[Material provided Boundary: Start]

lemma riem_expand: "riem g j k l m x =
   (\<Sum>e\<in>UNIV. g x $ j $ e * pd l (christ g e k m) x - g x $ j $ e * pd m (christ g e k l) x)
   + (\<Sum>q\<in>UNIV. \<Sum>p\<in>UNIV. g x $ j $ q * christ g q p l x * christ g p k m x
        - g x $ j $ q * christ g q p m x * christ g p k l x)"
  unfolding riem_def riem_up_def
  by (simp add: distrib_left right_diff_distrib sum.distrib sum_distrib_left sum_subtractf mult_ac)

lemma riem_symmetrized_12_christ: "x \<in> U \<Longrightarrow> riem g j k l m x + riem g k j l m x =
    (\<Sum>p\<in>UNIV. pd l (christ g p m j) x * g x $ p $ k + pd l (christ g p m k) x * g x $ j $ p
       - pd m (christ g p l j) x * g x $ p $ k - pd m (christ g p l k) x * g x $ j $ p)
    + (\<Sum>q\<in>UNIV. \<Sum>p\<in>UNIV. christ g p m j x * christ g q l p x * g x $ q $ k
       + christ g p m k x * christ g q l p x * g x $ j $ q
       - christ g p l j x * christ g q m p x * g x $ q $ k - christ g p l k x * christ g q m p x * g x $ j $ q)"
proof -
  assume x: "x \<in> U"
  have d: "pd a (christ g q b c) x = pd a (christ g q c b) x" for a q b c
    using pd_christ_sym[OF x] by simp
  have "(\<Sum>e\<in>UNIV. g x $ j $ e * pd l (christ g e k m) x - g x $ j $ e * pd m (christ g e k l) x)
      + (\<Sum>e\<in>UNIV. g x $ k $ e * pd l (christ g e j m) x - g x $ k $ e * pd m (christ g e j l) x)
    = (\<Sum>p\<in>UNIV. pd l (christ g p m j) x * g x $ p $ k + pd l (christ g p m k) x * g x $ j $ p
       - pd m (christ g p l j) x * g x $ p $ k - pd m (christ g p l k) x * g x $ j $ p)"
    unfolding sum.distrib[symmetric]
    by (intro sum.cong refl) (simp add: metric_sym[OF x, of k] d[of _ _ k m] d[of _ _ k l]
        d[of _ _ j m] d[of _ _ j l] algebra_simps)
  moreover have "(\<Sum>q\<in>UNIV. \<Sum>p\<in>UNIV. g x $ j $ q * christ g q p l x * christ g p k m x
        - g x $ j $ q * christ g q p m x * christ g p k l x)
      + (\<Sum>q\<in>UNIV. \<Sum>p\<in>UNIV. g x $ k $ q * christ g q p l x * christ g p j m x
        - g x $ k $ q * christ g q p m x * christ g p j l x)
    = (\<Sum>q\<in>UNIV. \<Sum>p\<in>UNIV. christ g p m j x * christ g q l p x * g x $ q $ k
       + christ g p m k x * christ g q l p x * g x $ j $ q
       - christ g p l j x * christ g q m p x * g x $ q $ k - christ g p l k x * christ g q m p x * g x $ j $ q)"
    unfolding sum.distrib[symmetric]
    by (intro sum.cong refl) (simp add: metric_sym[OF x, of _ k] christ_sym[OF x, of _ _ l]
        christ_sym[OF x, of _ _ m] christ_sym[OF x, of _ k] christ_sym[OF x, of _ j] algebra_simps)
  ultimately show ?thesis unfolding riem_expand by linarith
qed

[Material provided Boundary: End]

== Instructions to follow ==
Look over the entries for "cong", then copy every line that includes that string.

== Final answer ==
    by (intro sum.cong refl) (simp add: metric_sym[OF x, of k] d[of _ _ k m] d[of _ _ k l]
    by (intro sum.cong refl) (simp add: metric_sym[OF x, of _ k] christ_sym[OF x, of _ _ l]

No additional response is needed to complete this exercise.